--- Input data ---
+-------+

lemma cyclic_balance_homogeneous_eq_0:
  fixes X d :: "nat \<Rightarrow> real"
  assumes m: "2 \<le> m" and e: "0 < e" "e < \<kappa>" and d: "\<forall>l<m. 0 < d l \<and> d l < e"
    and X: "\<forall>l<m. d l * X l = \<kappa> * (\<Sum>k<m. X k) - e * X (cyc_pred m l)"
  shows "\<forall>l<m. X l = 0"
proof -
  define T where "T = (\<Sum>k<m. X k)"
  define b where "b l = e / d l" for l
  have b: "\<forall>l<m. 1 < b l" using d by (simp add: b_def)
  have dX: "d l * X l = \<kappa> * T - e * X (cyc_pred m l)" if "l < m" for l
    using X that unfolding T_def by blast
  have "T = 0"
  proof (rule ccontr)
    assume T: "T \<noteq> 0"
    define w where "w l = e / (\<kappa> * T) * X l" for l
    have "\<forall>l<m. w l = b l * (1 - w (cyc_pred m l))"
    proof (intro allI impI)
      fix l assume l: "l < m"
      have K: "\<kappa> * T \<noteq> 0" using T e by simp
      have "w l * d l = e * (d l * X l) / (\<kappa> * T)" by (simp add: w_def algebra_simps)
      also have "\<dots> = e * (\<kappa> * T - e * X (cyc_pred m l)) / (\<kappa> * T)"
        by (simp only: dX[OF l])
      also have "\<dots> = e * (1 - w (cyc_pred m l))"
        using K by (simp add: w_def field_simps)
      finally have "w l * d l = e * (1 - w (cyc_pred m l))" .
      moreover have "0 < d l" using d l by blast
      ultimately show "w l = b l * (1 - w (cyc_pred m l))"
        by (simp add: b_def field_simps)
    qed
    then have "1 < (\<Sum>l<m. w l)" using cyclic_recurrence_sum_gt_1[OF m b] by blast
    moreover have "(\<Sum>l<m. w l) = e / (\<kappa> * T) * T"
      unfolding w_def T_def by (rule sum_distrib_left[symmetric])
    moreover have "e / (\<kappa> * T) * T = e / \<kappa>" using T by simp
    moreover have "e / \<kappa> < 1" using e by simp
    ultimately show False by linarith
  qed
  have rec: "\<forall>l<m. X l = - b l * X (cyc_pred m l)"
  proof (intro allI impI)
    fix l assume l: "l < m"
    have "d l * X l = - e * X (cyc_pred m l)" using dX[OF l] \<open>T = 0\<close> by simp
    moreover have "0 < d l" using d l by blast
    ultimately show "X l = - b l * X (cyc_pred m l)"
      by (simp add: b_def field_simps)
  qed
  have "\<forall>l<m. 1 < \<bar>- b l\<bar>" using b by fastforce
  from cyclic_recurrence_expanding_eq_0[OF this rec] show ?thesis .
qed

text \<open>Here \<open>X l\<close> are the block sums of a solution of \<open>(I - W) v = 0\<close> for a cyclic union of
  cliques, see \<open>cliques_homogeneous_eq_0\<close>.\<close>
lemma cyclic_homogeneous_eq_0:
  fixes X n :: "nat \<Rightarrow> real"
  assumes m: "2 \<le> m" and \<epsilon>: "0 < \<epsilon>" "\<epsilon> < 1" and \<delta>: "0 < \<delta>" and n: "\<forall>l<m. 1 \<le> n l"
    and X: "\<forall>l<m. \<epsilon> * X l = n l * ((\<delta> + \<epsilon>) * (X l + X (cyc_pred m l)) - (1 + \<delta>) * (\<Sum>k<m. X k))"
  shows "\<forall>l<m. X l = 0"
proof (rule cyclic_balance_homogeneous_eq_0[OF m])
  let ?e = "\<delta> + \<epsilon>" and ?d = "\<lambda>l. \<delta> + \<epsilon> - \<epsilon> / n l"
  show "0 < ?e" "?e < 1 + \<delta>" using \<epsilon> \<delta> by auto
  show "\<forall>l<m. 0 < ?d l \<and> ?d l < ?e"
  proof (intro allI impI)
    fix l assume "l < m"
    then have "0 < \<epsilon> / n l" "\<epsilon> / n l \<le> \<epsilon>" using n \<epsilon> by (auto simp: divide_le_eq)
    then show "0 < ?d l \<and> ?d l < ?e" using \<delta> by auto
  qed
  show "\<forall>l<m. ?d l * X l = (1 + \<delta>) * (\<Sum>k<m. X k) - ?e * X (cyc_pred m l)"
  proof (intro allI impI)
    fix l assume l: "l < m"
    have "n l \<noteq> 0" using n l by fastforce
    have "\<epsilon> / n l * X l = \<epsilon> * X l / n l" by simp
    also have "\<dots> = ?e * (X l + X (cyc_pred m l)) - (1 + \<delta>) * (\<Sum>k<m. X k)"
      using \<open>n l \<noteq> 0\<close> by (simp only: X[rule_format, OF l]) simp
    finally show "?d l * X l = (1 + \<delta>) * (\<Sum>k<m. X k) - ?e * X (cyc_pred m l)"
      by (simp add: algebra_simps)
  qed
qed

+-------+

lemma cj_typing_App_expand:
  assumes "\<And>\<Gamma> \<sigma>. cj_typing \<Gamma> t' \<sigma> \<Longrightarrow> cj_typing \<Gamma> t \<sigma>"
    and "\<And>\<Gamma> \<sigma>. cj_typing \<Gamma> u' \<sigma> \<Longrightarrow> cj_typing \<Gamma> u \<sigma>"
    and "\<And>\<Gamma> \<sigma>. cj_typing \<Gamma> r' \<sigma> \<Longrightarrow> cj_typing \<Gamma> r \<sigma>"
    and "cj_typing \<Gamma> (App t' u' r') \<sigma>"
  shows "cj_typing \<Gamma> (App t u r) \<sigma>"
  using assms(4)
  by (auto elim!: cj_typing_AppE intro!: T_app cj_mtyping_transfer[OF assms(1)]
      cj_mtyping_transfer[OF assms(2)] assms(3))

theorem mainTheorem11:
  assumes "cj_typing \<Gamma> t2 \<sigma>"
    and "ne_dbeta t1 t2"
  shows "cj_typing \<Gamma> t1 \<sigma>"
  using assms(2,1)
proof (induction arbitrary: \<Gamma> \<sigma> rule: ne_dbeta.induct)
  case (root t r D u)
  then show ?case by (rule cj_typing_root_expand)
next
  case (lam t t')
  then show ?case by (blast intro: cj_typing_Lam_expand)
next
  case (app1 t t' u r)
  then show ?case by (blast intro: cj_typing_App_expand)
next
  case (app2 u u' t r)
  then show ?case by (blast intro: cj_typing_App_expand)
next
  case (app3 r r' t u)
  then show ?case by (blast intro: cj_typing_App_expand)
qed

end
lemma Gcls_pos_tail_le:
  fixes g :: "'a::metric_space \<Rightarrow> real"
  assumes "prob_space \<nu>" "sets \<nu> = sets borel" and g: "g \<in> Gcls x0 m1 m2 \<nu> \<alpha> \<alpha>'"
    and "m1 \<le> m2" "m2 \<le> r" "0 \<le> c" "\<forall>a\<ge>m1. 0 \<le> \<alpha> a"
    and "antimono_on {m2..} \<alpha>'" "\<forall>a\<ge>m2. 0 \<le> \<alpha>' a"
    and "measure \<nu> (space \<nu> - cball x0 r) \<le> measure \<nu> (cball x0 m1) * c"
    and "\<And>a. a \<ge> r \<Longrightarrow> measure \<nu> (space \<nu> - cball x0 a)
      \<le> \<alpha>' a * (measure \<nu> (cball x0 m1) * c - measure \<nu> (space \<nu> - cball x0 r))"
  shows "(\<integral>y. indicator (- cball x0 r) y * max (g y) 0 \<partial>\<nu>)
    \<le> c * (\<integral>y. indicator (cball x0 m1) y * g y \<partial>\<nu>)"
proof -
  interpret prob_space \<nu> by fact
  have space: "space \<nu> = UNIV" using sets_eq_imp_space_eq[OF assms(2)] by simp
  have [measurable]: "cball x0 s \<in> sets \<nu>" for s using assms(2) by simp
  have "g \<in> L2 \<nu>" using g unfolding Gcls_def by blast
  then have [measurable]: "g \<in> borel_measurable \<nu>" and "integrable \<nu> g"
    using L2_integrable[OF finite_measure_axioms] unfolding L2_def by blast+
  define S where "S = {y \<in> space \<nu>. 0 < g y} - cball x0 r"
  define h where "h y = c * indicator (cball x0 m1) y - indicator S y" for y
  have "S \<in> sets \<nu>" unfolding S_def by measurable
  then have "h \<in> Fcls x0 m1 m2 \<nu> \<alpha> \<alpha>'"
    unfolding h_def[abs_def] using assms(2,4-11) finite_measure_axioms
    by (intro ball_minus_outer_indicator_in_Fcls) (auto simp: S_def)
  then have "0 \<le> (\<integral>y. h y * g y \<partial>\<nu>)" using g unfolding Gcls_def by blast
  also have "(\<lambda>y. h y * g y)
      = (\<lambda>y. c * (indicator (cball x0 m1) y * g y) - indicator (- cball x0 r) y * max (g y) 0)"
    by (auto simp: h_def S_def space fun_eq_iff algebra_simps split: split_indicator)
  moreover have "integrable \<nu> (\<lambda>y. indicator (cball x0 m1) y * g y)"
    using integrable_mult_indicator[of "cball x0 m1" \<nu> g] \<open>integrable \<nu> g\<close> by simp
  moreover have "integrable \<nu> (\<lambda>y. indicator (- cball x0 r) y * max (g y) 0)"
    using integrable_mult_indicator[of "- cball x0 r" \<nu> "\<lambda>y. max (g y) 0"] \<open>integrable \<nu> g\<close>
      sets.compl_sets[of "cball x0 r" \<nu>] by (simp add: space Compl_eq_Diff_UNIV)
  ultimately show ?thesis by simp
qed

+-------+

--- Activity ---
Please show, exactly as written, every line above that contains the word "moreover".

--- Solution ---
      moreover have "0 < d l" using d l by blast
    moreover have "(\<Sum>l<m. w l) = e / (\<kappa> * T) * T"
    moreover have "e / (\<kappa> * T) * T = e / \<kappa>" using T by simp
    moreover have "e / \<kappa> < 1" using e by simp
    moreover have "0 < d l" using d l by blast
  moreover have "integrable \<nu> (\<lambda>y. indicator (cball x0 m1) y * g y)"
  moreover have "integrable \<nu> (\<lambda>y. indicator (- cball x0 r) y * max (g y) 0)"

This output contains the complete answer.